“Cut the trees out and paint them glossy black. It always works.”
That is from the mouth of a lighting designer 400 shows and 30 years into his career. He meant that trees work if they are 2-dimensional. So, in the model, just cut them out of board with an X-acto blade, spray them with black spray paint, put them on a stand and voila!
For the real design you build a ‘flat’ out of something…flat, like a plywood like luan. I bet that Treasure Island design in the big picture above has those big flat trees on tracks with wheels. They can slide them in and out. We have loved a flat piece of scenery for a very long time, this magazine page is from 1924.
I hear that all trees have a sound and a smell, and that even without touching them, we can sense their presence by feeling the way the air moves around them before it hits us. Those perceptions, though mostly subconscious, are all important.
But theater needs to work direct and fast. If you have a play named after a bunch of trees, how can we feel the presence of those trees in the way that the playwright imagined - right away? The easy answer is that all we need to do is choose the right tree and get the shape right. Boom. Tree.
When an experienced lighting designer wants to tell you how to build a set piece, they are really saying - I will be able to light that set in a way that will capture the wonder and beauty of real trees. Because you can do the shape of the tree correct, but really it is what the trees do to the light on the ground, to the shadows on bodies and the way it off-sets a sky - that explain our relationship to trees. Lighting designers are our most valuable experts on trees.
The lighting designer went on to say that 3 dimensional trees always look fake in a bad way. He had never seen a 3 dimensional tree done so well that he could light it from any angle. Instead of working on lighting the actors in a scene, he would be thinking about how to make sure the light doesn’t fall on the tree.
Humans naturally gravitate toward trees. We like to touch the bark, lean on the trunks and stand in their shade. Actors and directors stage scenes assuming the tree will be all the wonderful that a real tree is, so they spend the scene within 2 feet of it. And then, they have to re-stage the scene during technical rehearsals because no one likes how the tree looks when light falls on it; so the actors have to do the unnatural thing of avoiding the tree.
Room full of nodding heads. Big deep, full range of motion nods from every set designer in the room.
That set above has one tree printed on the scrim, and the rest as 3-dimensional set pieces. I have seen this Bohème at the Met. It doesn’t care about looking fake, so long as the overall picture has all of the sparkle of the drawings. I remembered this printed scrim from a particularly beautiful lighting change as the sun is supposed to come up.
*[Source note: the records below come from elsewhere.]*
lemma RB_u:
  assumes "agrees_at_ends g" "i \<in> {1..N-1}" "x \<in> {xs 1..xs N}"
  shows "RB g (u i x) = f (u i x) + \<alpha> i x * (g x - b x)"
proof -
  have "RB g (u i x) = RB_piece g i (u i x)"
    by (rule RB_eq_piece[OF assms(1,2) u_mem[OF assms(2,3)]])
  then show ?thesis
    by (simp add: RB_piece_def u_inv_u[OF assms(2)])
qed

lemma RB_agrees_at_ends:
  assumes g: "agrees_at_ends g"
  shows "agrees_at_ends (RB g)"
proof -
  have first: "1 \<in> {1..N-1}" and last: "N - 1 \<in> {1..N-1}" "N - 1 + 1 = N"
    using N_ge_2 by auto
  have "RB g (xs 1) = f (xs 1)"
    using RB_eq_piece[OF g first] RB_piece_at_ends[OF g first] xs_subinterval_less[OF first] by simp
  moreover have "RB g (xs N) = f (xs N)"
    using RB_eq_piece[OF g last(1)] RB_piece_at_ends[OF g last(1)] xs_subinterval_less[OF last(1)]
    unfolding last(2) by simp
  ultimately show ?thesis
    by (simp add: agrees_at_ends_def)
qed

lemma RB_continuous_on:
  assumes g: "agrees_at_ends g" "continuous_on {xs 1..xs N} g"
  shows "continuous_on {xs 1..xs N} (RB g)"
proof -
  have "{xs 1..xs N} = (\<Union>i\<in>{1..N-1}. {xs i..xs (i + 1)})"
    using subintervals_cover subinterval_subset by blast
  moreover have "continuous_on (\<Union>i\<in>{1..N-1}. {xs i..xs (i + 1)}) (RB g)"
  proof (rule continuous_on_closed_Union)
    fix i assume i: "i \<in> {1..N-1}"
    have inv: "continuous_on {xs i..xs (i + 1)} (u_inv i)" "u_inv i ` {xs i..xs (i + 1)} \<subseteq> {xs 1..xs N}"
      using continuous_on_u_inv[OF i] u_inv_mem[OF i] by auto
    have "continuous_on {xs i..xs (i + 1)} (RB_piece g i)"
      unfolding RB_piece_def
      by (intro continuous_intros continuous_on_subset[OF f_cont subinterval_subset[OF i]]
          continuous_on_compose2[OF \<alpha>_cont[OF i] inv] continuous_on_compose2[OF g(2) inv]
          continuous_on_compose2[OF b_cont inv])
    then show "continuous_on {xs i..xs (i + 1)} (RB g)"
      by (rule continuous_on_eq) (use RB_eq_piece[OF g(1) i] in auto)
  qed auto
  ultimately show ?thesis
    by simp
qed

lemma RB_dist_le:
  assumes g: "agrees_at_ends g" and h: "agrees_at_ends h"
    and dist: "\<And>x. x \<in> {xs 1..xs N} \<Longrightarrow> \<bar>g x - h x\<bar> \<le> \<eta>" and y: "y \<in> {xs 1..xs N}"
  shows "\<bar>RB g y - RB h y\<bar> \<le> s * \<eta>"
proof -
  obtain i x where i: "i \<in> {1..N-1}" and x: "x \<in> {xs 1..xs N}" and y: "y = u i x"
    using interval_eq_union_images[OF y] .
  have "\<bar>RB g y - RB h y\<bar> = \<bar>\<alpha> i x\<bar> * \<bar>g x - h x\<bar>"
    unfolding y RB_u[OF g i x] RB_u[OF h i x] by (simp add: abs_mult[symmetric] algebra_simps)
  also have "\<dots> \<le> s * \<eta>"
    using \<alpha>_bound[OF i x] dist[OF x] s_nonneg by (intro mult_mono) auto
  finally show ?thesis .
qed

lemma self_referential_limit:
  assumes g: "\<And>m. agrees_at_ends (g m)" "\<And>m. g (Suc m) = RB (g m)"
    and lim: "\<And>x. x \<in> {xs 1..xs N} \<Longrightarrow> (\<lambda>m. g m x) \<longlonglongrightarrow> G x"
  shows "self_referential G"
  unfolding self_referential_def
proof (intro ballI)
  fix x i assume x: "x \<in> {xs 1..xs N}" and i: "i \<in> {1..N-1}"
  have "(\<lambda>m. g (Suc m) (u i x)) \<longlonglongrightarrow> G (u i x)"
    using LIMSEQ_Suc[OF lim[OF u_in_interval[OF i x]]] .
  moreover have "(\<lambda>m. g (Suc m) (u i x)) \<longlonglongrightarrow> f (u i x) + \<alpha> i x * (G x - b x)"
    unfolding g(2) RB_u[OF g(1) i x] by (intro tendsto_intros lim[OF x])
  ultimately show "G (u i x) = f (u i x) + \<alpha> i x * (G x - b x)"
    by (rule LIMSEQ_unique)
qed

lemma RB_in_box:
  assumes invariant: "\<And>i x z. i \<in> {1..N-1} \<Longrightarrow> x \<in> {xs 1..xs N} \<Longrightarrow> lo \<le> z \<Longrightarrow> z \<le> hi \<Longrightarrow>
      lo \<le> f (u i x) + \<alpha> i x * (z - b x) \<and> f (u i x) + \<alpha> i x * (z - b x) \<le> hi"
    and g: "agrees_at_ends g" "\<And>x. x \<in> {xs 1..xs N} \<Longrightarrow> lo \<le> g x \<and> g x \<le> hi"
    and y: "y \<in> {xs 1..xs N}"
  shows "lo \<le> RB g y \<and> RB g y \<le> hi"
proof -
  obtain i x where i: "i \<in> {1..N-1}" and x: "x \<in> {xs 1..xs N}" and y: "y = u i x"
    using interval_eq_union_images[OF y] .
  show ?thesis
    using invariant[OF i x] g(2)[OF x] by (simp add: y RB_u[OF g(1) i x])
qed

lemma RB_iterates_dist_le:
  assumes g: "\<And>m. agrees_at_ends (g m)" "\<And>m. g (Suc m) = RB (g m)"
    and K: "\<And>x. x \<in> {xs 1..xs N} \<Longrightarrow> \<bar>g 1 x - g 0 x\<bar> \<le> K"
    and x: "x \<in> {xs 1..xs N}"
  shows "\<bar>g (Suc m) x - g m x\<bar> \<le> K * s ^ m"
  using x
proof (induction m arbitrary: x)
  case (Suc m)
  have "\<bar>RB (g (Suc m)) x - RB (g m) x\<bar> \<le> s * (K * s ^ m)"
    using Suc by (intro RB_dist_le g(1))
  then show ?case
    by (simp add: g(2) mult_ac)
qed (use K in simp)
text \<open>Condition (factor) makes the map hW \<mapsto> hU surjective onto UgU/U.\<close>

lemma coset_refine_surj:
  assumes factor: "\<And>a. a \<in> U \<Longrightarrow> \<exists>w\<in>W. \<exists>t\<in>U. a * g = w * g * t"
    and h: "h \<in> double_coset U g"
  shows "\<exists>h0\<in>double_coset W g. coset U h = coset U h0"
proof -
  have G: "g \<in> carrier_mat n n" using g unfolding GLn_def by blast
  obtain a b where a: "a \<in> U" and b: "b \<in> U" and he: "h = a * g * b"
    using h unfolding double_coset_def by blast
  obtain w t where w: "w \<in> W" and t: "t \<in> U" and wt: "a * g = w * g * t"
    using factor[OF a] by blast
  have Wc: "w \<in> carrier_mat n n" using subgroup_carrier[OF W w] .
  have "h = (w * g) * (t * b)"
    using he wt Wc G subgroup_carrier[OF U t] subgroup_carrier[OF U b]
    by (simp add: assoc_mult_mat[of _ n n _ n _ n])
  then have "coset U h = coset U (w * g)"
    using coset_absorb[OF U _ subgroup_mult[OF U t b]] Wc G by simp
  moreover have "w * g \<in> double_coset W g"
    unfolding double_coset_def using w subgroup_one[OF W] Wc G by force
  ultimately show ?thesis by blast
qed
With his chorus of set designers, the lighting designer went on to take away that printed trees on a scrim strategy.
“Real depth can only be faked for so long.”
When the lights behind the scrim change, the printed or painted tree will change, too. It is very hard to light something that is both translucent and opaque so that it has the optimal look for both surfaces. Franco Zepherelli’s very fake textures work because there is so much going on. No one surface has to be beautiful in and of itself, because the action, music and people move so quickly no one image has to hold up to more than five seconds of attention.
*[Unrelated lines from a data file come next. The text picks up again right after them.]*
(* Let $\phi$ be a $C^\infty$ function on $\mathbb{R}$ supported in $[-1,1]$ with $\phi\ge0$ and $\int_{-1}^1\phi(t)\,dt=1$. For a function $f$ on $(0,\infty)$ and $\varepsilon>0$ define $f_\varepsilon(x):=\int_{-1}^1\phi(t)f(xe^{-\varepsilon t})\,dt$ for $x\in(0,\infty)$. If $f\in\mathcal{F}_\mathrm{convex}^\nearrow(0,\infty)$, then $f_\varepsilon\in\mathcal{F}_\mathrm{convex}^\nearrow(0,\infty)$ for every $\varepsilon>0$ and $\hat f_\varepsilon\to\hat f$ as $\varepsilon\searrow0$ uniformly on every bounded closed interval of $(0,\infty)$. If $f\in\mathcal{F}_\mathrm{concave}^\nearrow(0,\infty)$, then $f_\varepsilon\in\mathcal{F}_\mathrm{concave}^\nearrow(0,\infty)$ for every $\varepsilon>0$ and $\check f_\varepsilon\to\check f$ as $\varepsilon\searrow0$ uniformly on every bounded closed interval of $(0,\infty)$.
   Context: $\mathcal{F}_\mathrm{convex}^\nearrow(0,\infty)$ is the set of non-decreasing convex real functions $f$ on $(0,\infty)$ with $\lim_{x\to\infty}f(x)/x=+\infty$; for such $f$, $\hat f(t):=\sup_{x>0}\{xt-f(x)\}$, $t>0$. $\mathcal{F}_\mathrm{concave}^\nearrow(0,\infty)$ is the set of non-decreasing concave real functions $f$ on $(0,\infty)$ with $\lim_{x\to\infty}f(x)/x=0$; for such $f$, $\check f(t):=\inf_{x>0}\{xt-f(x)\}$, $t>0$. *)

theory Defs
  imports "HOL-Analysis.Analysis"
begin

definition smooth_real :: "(real \<Rightarrow> real) \<Rightarrow> bool" where
  "smooth_real g \<longleftrightarrow> (\<forall>n x. (deriv ^^ n) g differentiable (at x))"

definition F_convex_inc :: "(real \<Rightarrow> real) \<Rightarrow> bool" where
  "F_convex_inc f \<longleftrightarrow> mono_on {0<..} f \<and> convex_on {0<..} f \<and>
     filterlim (\<lambda>x. f x / x) at_top at_top"

definition F_concave_inc :: "(real \<Rightarrow> real) \<Rightarrow> bool" where
  "F_concave_inc f \<longleftrightarrow> mono_on {0<..} f \<and> concave_on {0<..} f \<and>
     ((\<lambda>x. f x / x) \<longlongrightarrow> 0) at_top"

definition conj_hat :: "(real \<Rightarrow> real) \<Rightarrow> real \<Rightarrow> real" where
  "conj_hat f t = (SUP x\<in>{0<..}. x * t - f x)"

definition conj_check :: "(real \<Rightarrow> real) \<Rightarrow> real \<Rightarrow> real" where
  "conj_check f t = (INF x\<in>{0<..}. x * t - f x)"

definition regularize :: "(real \<Rightarrow> real) \<Rightarrow> real \<Rightarrow> (real \<Rightarrow> real) \<Rightarrow> real \<Rightarrow> real" where
  "regularize \<phi> \<epsilon> f x = integral {-1..1} (\<lambda>t. \<phi> t * f (x * exp (- \<epsilon> * t)))"

end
So, a plain scrim + black cut out trees. A plain white scrim is the equivalent of putting a piece of white paper behind your set. It always works well enough to warrant a try. I chose that tree image above because it is a white paper/white scrim kind of image. So beautiful, and easy to achieve….if you can cut out those trees.
When I design The Cherry Orchard I will print out Cinga Samson Okwe Nkunzana’s portraits. The trees and the people seem to have equal consideration, though the trees are usually just black, in the background and fairly flat - and the faces have a few colors in them, in the foreground and have clear depth. The layers he created allow us to pull out the person, or the sky, or the plant in his hand. His head can blend into that tree behind him - but some side light putting that gold hue we see on his forehead onto his full outline would make him stand out so nicely.
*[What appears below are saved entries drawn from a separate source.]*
lemma KL_exp_weights:
  assumes v: "v \<in> simplex K" and q: "q \<in> simplex K" "\<And>k. k < K \<Longrightarrow> 0 < q k"
  shows "KL K v (exp_weights K \<eta> g q) = KL K v q + \<eta> * inner_K K g v + ln (\<Sum>j<K. q j * exp (- \<eta> * g j))"
proof -
  define Z where "Z = (\<Sum>j<K. q j * exp (- \<eta> * g j))"
  have Z: "0 < Z"
    unfolding Z_def using exp_weights_partition_pos[OF q] .
  have "v k * ln (v k / exp_weights K \<eta> g q k) = v k * ln (v k / q k) + \<eta> * (g k * v k) + ln Z * v k"
    if "k < K" for k
  proof -
    have "exp_weights K \<eta> g q k = q k * exp (- \<eta> * g k) / Z"
      by (simp add: exp_weights_def Z_def)
    then show ?thesis
      using q(2)[OF that] Z by (cases "v k = 0") (auto simp: ln_div ln_mult algebra_simps)
  qed
  then have "KL K v (exp_weights K \<eta> g q) = KL K v q + \<eta> * inner_K K g v + ln Z * (\<Sum>k<K. v k)"
    by (simp add: KL_eq_sum inner_K_def sum.distrib sum_distrib_left)
  then show ?thesis
    using v by (simp add: simplex_def Z_def)
qed

lemma entropic_mirror_step_eq_exp_weights:
  assumes q: "q \<in> simplex K" "\<And>k. k < K \<Longrightarrow> 0 < q k" and q': "q' \<in> simplex K"
    and argmin: "\<forall>v\<in>simplex K. \<eta> * inner_K K g q' + KL K q' q \<le> \<eta> * inner_K K g v + KL K v q"
    and k: "k < K"
  shows "q' k = exp_weights K \<eta> g q k"
proof (rule KL_nonpos_imp_eq[OF q'])
  let ?p = "exp_weights K \<eta> g q"
  show p: "?p \<in> simplex K" "\<And>k. k < K \<Longrightarrow> 0 < ?p k"
    using exp_weights_in_simplex[OF q] exp_weights_pos[OF q] by auto
  have "KL K q' ?p - KL K ?p ?p = (\<eta> * inner_K K g q' + KL K q' q) - (\<eta> * inner_K K g ?p + KL K ?p q)"
    using KL_exp_weights[OF q' q] KL_exp_weights[OF p(1) q] by simp
  then show "KL K q' ?p \<le> 0"
    using argmin p(1) by (simp add: KL_self)
qed (fact k)

lemma entropic_mirror_step_regret:
  assumes q: "q \<in> simplex K" "\<And>k. k < K \<Longrightarrow> 0 < q k" and q': "q' \<in> simplex K"
    and argmin: "\<forall>v\<in>simplex K. \<eta> * inner_K K g q' + KL K q' q \<le> \<eta> * inner_K K g v + KL K v q"
    and u: "u \<in> simplex K" and \<eta>: "0 < \<eta>" and g: "\<And>j k. j < K \<Longrightarrow> k < K \<Longrightarrow> \<bar>g j - g k\<bar> \<le> G"
  shows "inner_K K g q - inner_K K g u \<le> (KL K u q - KL K u q') / \<eta> + \<eta> * G\<^sup>2 / 2"
proof -
  define Z where "Z = (\<Sum>j<K. q j * exp (- \<eta> * g j))"
  have "KL K u q' = KL K u (exp_weights K \<eta> g q)"
    unfolding KL_eq_sum using entropic_mirror_step_eq_exp_weights[OF q q' argmin] by simp
  then have KL_q': "KL K u q' = KL K u q + \<eta> * inner_K K g u + ln Z"
    using KL_exp_weights[OF u q] by (simp add: Z_def)
  have "\<bar>- \<eta> * g j - - \<eta> * g k\<bar> \<le> \<eta> * G" if "j < K" "k < K" for j k
    using g[OF that] \<eta> by (simp add: abs_mult flip: right_diff_distrib)
  then have "Z \<le> exp ((\<Sum>j<K. q j * (- \<eta> * g j)) + (\<eta> * G)\<^sup>2 / 2)"
    unfolding Z_def using q by (intro sum_mult_exp_le_Hoeffding) (auto simp: simplex_def)
  also have "\<dots> = exp (- \<eta> * inner_K K g q + \<eta>\<^sup>2 * G\<^sup>2 / 2)"
    by (simp add: inner_K_def sum_distrib_left power_mult_distrib algebra_simps)
  finally have "ln Z \<le> - \<eta> * inner_K K g q + \<eta>\<^sup>2 * G\<^sup>2 / 2"
    using exp_weights_partition_pos[OF q] ln_mono by (fastforce simp: Z_def)
  then show ?thesis
    using KL_q' \<eta> by (simp add: field_simps power2_eq_square)
qed

text \<open>Abel summation: the weights \<open>e\<close> are nondecreasing, so the telescoping remainders
  \<open>B (t - 1) * (e t - e (t - 1))\<close> add up to at most \<open>D * e T\<close>.\<close>

lemma sum_weighted_telescope_le:
  fixes A B r e :: "nat \<Rightarrow> real"
  assumes T: "1 \<le> T" and A1: "A 1 \<le> D"
    and B: "\<And>t. t \<in> {1..T} \<Longrightarrow> 0 \<le> B t \<and> B t \<le> D"
    and A: "\<And>t. t \<in> {2..T} \<Longrightarrow> A t \<le> B (t - 1) + r t"
    and r: "\<And>t. t \<in> {2..T} \<Longrightarrow> 0 \<le> r t"
    and e: "mono_on {1..T} e" "0 \<le> e 1"
  shows "(\<Sum>t=1..T. (A t - B t) * e t) \<le> e T * (D + (\<Sum>t=2..T. r t))"
proof -
  have partial: "(\<Sum>t=1..n. (A t - B t) * e t) + B n * e n \<le> e n * (D + (\<Sum>t=2..n. r t))"
    if "1 \<le> n" "n \<le> T" for n
    using that
  proof (induction n rule: dec_induct)
    case base
    then show ?case
      using A1 e(2) by (simp add: algebra_simps mult_right_mono)
  next
    case (step n)
    define S where "S = (\<Sum>t=2..n. r t)"
    have n: "n \<in> {1..T}" "Suc n \<in> {1..T}" "Suc n \<in> {2..T}"
      using step by auto
    have e_mono: "e n \<le> e (Suc n)" and "e 1 \<le> e (Suc n)"
      using n by (auto intro: mono_onD[OF e(1)])
    then have e_nonneg: "0 \<le> e (Suc n)"
      using e(2) by linarith
    have "0 \<le> S"
      unfolding S_def using r step by (intro sum_nonneg) auto
    have A_Suc: "A (Suc n) \<le> B n + r (Suc n)"
      using A[OF n(3)] by simp
    have IH: "(\<Sum>t=1..n. (A t - B t) * e t) + B n * e n \<le> e n * (D + S)"
      using step by (simp add: S_def)
    have S_Suc: "(\<Sum>t=2..Suc n. r t) = S + r (Suc n)"
      using step by (simp add: S_def)
    have "(\<Sum>t=1..Suc n. (A t - B t) * e t) + B (Suc n) * e (Suc n)
        = (\<Sum>t=1..n. (A t - B t) * e t) + B n * e n - B n * e n + A (Suc n) * e (Suc n)"
      by (simp add: algebra_simps)
    also have "\<dots> \<le> e n * (D + S) - B n * e n + (B n + r (Suc n)) * e (Suc n)"
      using IH mult_right_mono[OF A_Suc e_nonneg] by linarith
    also have "\<dots> = e n * S + D * e n + B n * (e (Suc n) - e n) + r (Suc n) * e (Suc n)"
      by (simp add: algebra_simps)
    also have "\<dots> \<le> e (Suc n) * S + D * e n + D * (e (Suc n) - e n) + r (Suc n) * e (Suc n)"
      using mult_right_mono[OF e_mono \<open>0 \<le> S\<close>] mult_right_mono[of "B n" D "e (Suc n) - e n"]
        B[OF n(1)] e_mono by auto
    also have "\<dots> = e (Suc n) * (D + (\<Sum>t=2..Suc n. r t))"
      unfolding S_Suc by (simp add: algebra_simps)
    finally show ?case .
  qed
  moreover have "0 \<le> B T * e T"
    using B[of T] T mono_onD[OF e(1), of 1 T] e(2) by simp
  ultimately show ?thesis
    using partial[OF T order_refl] by linarith
qed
He is the trees and he is himself. Cast this man in The Cherry Orchard.
What if I was so sure that I could build a tree as well as Mr. Knunzana can paint it? I would still do that flat black silhouette of a tree we see on the same plane as the fence. And I would give it a try…and then be happy enough to have them cut the tree when it just plain wasn’t good enough to light up with the same loving light that actor’s faces get.
I think this painting illustrates the light designer’s point as well as all of my words above. Trees are living things with a presence as strong as a human. The tree needs to be as good as its scene partner.